◆ EXERCISE GOAL:
Return, character for character, the lines from the one bearing "define s where" through the end of the material. Omit everything before that line.

◆ DATA SHOWN:

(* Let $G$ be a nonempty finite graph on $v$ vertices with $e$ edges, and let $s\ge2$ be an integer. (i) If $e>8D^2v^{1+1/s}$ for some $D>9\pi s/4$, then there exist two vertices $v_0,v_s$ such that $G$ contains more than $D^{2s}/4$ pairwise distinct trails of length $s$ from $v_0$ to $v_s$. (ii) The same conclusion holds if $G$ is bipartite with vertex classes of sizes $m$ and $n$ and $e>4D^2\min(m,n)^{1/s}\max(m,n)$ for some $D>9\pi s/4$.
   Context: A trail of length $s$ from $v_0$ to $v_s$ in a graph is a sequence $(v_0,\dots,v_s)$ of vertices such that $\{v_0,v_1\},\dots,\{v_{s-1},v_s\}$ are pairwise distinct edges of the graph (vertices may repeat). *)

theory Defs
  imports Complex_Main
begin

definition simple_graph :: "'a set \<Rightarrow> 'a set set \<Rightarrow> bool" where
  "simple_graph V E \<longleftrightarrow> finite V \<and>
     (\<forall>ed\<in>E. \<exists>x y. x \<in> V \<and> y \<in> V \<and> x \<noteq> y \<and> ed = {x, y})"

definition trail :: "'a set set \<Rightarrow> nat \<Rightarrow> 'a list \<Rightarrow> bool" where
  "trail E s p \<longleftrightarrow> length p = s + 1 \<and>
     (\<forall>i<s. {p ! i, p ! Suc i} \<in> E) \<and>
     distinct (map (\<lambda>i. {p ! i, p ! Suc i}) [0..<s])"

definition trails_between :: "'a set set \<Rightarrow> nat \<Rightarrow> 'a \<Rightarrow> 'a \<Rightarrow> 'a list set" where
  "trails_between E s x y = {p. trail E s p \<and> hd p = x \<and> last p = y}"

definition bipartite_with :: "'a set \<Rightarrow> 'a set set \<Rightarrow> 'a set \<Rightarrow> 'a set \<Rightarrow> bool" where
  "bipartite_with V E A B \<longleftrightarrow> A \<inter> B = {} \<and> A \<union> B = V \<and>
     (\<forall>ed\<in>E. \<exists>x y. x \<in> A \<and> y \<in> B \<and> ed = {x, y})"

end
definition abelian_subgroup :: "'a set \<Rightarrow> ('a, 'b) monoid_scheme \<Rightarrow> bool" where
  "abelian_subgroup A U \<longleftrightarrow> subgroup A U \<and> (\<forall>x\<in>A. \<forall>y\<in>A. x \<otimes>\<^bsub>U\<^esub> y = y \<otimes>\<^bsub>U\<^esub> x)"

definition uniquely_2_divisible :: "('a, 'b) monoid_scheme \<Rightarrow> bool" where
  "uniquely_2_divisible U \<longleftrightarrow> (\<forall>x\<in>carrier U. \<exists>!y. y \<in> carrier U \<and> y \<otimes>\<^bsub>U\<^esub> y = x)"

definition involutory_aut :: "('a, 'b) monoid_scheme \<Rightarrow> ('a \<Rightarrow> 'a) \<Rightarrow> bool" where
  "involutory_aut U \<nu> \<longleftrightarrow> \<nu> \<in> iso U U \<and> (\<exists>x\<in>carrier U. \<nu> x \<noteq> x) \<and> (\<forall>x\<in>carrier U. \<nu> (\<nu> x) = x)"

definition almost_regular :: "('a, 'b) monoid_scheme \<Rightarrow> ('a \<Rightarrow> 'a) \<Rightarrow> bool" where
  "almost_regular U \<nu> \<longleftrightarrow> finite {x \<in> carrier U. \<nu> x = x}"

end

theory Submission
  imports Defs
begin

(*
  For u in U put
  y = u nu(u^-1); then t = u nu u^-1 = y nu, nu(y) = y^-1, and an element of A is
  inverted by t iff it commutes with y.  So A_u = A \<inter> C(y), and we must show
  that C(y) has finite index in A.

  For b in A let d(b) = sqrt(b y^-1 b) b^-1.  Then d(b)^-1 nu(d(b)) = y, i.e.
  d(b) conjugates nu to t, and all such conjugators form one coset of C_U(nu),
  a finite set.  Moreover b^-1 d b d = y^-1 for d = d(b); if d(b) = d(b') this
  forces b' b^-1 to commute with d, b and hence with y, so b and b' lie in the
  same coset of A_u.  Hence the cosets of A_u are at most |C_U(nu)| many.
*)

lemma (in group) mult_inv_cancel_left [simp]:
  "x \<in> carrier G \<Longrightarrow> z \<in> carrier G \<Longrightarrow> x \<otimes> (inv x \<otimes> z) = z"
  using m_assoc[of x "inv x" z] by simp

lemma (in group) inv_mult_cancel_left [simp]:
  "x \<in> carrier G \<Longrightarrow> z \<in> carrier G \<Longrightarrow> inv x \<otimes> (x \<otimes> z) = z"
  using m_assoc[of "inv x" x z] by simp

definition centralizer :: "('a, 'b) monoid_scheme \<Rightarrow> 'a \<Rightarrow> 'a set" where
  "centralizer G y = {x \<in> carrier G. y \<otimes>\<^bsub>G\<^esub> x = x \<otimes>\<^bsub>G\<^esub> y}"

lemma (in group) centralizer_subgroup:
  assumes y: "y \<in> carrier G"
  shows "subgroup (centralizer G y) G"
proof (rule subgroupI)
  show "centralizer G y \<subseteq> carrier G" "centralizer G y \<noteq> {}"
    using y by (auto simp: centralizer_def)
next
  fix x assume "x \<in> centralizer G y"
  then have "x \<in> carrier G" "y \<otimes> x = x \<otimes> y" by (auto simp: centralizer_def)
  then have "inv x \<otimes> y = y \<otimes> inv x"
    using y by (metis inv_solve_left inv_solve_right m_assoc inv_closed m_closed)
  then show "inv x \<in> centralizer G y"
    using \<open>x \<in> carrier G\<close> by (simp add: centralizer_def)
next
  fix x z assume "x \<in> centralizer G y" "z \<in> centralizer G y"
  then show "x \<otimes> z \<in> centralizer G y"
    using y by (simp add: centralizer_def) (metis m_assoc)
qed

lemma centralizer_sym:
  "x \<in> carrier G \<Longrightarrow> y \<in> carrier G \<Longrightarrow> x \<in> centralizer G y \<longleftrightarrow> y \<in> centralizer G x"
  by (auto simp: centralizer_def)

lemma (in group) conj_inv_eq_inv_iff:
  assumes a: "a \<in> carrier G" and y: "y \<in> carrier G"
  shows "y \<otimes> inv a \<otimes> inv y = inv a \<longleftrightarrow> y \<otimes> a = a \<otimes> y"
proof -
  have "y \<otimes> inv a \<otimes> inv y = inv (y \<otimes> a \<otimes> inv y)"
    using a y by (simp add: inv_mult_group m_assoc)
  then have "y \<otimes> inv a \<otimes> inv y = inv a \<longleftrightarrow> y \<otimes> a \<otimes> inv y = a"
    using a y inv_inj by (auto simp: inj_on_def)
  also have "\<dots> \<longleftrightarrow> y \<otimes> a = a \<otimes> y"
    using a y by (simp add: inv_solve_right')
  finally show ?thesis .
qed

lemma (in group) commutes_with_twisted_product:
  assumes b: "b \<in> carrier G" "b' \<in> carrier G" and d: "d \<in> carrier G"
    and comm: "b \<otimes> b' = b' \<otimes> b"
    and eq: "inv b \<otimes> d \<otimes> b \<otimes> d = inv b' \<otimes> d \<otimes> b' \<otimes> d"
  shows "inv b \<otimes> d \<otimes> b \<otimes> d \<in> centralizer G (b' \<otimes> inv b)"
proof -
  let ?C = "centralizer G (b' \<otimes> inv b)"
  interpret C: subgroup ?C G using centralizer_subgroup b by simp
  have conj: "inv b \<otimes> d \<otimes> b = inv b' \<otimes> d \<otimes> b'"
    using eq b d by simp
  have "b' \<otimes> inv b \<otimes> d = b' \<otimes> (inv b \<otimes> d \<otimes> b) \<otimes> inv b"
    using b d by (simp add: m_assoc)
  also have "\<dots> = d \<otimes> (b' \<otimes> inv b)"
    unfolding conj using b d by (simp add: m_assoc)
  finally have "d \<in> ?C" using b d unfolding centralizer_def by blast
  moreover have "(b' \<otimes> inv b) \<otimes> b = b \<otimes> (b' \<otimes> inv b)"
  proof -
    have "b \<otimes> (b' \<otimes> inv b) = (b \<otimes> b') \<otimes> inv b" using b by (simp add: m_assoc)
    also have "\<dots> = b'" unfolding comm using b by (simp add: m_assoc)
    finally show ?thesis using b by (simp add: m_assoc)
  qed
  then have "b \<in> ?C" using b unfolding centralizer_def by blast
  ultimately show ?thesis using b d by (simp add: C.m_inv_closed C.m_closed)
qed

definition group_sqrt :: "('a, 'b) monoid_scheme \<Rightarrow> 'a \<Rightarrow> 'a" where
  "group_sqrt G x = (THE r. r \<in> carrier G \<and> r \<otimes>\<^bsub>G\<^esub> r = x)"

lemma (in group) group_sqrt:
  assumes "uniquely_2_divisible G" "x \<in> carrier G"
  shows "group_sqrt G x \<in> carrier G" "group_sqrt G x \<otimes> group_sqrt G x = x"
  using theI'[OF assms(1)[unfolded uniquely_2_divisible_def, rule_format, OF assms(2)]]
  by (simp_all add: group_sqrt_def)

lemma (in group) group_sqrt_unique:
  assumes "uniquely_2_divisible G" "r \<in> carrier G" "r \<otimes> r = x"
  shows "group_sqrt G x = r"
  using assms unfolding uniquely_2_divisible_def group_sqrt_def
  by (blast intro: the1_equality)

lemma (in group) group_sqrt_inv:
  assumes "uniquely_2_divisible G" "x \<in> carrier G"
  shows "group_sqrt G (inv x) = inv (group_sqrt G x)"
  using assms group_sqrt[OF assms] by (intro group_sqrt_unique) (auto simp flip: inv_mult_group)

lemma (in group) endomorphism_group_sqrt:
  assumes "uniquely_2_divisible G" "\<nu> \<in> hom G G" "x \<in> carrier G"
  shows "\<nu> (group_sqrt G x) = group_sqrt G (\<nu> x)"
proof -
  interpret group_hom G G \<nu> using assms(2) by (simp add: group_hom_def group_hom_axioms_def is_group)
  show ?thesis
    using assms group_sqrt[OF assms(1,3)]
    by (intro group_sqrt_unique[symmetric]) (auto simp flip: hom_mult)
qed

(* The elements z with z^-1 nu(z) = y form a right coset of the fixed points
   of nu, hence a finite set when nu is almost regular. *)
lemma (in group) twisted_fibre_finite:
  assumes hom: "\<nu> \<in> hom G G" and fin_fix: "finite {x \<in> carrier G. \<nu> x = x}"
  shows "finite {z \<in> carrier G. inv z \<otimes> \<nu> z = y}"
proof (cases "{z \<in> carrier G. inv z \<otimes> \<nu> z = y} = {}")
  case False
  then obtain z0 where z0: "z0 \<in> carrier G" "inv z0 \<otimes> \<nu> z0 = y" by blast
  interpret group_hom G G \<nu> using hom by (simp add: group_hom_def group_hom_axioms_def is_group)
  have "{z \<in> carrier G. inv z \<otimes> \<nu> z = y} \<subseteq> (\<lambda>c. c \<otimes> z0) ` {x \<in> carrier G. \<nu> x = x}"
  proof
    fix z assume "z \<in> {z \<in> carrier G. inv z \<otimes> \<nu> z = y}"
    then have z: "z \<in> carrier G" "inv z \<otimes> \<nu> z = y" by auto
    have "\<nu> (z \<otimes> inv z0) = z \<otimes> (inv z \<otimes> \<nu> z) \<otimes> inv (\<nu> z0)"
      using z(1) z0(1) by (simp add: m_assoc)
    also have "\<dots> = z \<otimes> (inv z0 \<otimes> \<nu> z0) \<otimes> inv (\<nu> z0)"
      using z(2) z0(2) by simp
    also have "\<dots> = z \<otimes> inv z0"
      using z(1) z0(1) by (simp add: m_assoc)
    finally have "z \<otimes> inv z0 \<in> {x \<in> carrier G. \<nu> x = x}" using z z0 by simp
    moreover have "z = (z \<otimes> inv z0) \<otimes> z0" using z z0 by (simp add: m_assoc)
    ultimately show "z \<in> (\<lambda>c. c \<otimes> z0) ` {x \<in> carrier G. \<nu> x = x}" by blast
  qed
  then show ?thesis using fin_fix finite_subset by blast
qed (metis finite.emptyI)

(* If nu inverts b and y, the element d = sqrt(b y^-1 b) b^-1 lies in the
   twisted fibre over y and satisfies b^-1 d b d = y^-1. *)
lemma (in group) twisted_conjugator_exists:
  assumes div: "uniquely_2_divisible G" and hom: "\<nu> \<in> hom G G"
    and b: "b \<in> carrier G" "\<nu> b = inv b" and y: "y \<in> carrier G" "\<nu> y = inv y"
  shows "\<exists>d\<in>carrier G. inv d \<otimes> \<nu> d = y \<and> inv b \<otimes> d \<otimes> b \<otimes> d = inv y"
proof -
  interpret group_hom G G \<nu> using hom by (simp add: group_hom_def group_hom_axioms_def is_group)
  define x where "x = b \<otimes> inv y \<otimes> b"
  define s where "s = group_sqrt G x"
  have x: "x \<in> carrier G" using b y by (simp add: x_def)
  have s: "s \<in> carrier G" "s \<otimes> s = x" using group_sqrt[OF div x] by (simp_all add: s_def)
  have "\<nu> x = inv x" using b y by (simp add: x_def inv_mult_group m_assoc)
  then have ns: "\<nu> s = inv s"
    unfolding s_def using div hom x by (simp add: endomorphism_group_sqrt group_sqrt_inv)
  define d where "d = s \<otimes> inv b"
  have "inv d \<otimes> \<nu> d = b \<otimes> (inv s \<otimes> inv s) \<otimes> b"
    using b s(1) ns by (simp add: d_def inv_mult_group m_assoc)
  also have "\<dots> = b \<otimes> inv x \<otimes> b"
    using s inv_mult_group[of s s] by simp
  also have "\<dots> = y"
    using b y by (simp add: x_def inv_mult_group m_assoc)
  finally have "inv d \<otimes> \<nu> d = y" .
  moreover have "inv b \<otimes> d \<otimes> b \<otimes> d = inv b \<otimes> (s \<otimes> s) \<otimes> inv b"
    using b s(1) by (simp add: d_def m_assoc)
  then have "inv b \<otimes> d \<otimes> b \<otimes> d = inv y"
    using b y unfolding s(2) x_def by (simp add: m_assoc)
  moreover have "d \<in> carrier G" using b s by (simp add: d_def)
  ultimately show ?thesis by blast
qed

◆ RESULT OF THIS EXERCISE:
  define s where "s = group_sqrt G x"
  have x: "x \<in> carrier G" using b y by (simp add: x_def)
  have s: "s \<in> carrier G" "s \<otimes> s = x" using group_sqrt[OF div x] by (simp_all add: s_def)
  have "\<nu> x = inv x" using b y by (simp add: x_def inv_mult_group m_assoc)
  then have ns: "\<nu> s = inv s"
    unfolding s_def using div hom x by (simp add: endomorphism_group_sqrt group_sqrt_inv)
  define d where "d = s \<otimes> inv b"
  have "inv d \<otimes> \<nu> d = b \<otimes> (inv s \<otimes> inv s) \<otimes> b"
    using b s(1) ns by (simp add: d_def inv_mult_group m_assoc)
  also have "\<dots> = b \<otimes> inv x \<otimes> b"
    using s inv_mult_group[of s s] by simp
  also have "\<dots> = y"
    using b y by (simp add: x_def inv_mult_group m_assoc)
  finally have "inv d \<otimes> \<nu> d = y" .
  moreover have "inv b \<otimes> d \<otimes> b \<otimes> d = inv b \<otimes> (s \<otimes> s) \<otimes> inv b"
    using b s(1) by (simp add: d_def m_assoc)
  then have "inv b \<otimes> d \<otimes> b \<otimes> d = inv y"
    using b y unfolding s(2) x_def by (simp add: m_assoc)
  moreover have "d \<in> carrier G" using b s by (simp add: d_def)
  ultimately show ?thesis by blast
qed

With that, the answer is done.